--- Work request ---
Using the word "False" as the filter, copy each matching line from the records.

[Opening Available data section]

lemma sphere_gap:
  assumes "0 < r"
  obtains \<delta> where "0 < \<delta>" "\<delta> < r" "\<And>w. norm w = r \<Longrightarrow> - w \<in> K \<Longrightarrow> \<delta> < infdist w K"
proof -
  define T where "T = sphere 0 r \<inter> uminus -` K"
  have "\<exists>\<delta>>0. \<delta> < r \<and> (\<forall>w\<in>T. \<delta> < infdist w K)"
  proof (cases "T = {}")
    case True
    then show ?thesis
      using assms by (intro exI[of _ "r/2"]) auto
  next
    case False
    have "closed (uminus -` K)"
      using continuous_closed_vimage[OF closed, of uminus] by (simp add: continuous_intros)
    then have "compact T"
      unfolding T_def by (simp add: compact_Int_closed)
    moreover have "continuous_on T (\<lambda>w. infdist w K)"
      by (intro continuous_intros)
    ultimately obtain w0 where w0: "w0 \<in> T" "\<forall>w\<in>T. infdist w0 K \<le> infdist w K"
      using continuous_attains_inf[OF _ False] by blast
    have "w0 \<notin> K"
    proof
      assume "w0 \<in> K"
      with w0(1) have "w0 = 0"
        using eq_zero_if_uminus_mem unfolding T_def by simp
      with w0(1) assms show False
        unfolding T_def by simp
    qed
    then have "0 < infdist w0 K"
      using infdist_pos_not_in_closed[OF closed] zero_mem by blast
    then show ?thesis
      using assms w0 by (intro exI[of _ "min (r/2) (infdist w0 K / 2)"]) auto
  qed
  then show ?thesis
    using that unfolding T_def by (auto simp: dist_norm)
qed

[Closing Available data section]

--- Result of the task ---
    case False
      using continuous_attains_inf[OF _ False] by blast
      with w0(1) assms show False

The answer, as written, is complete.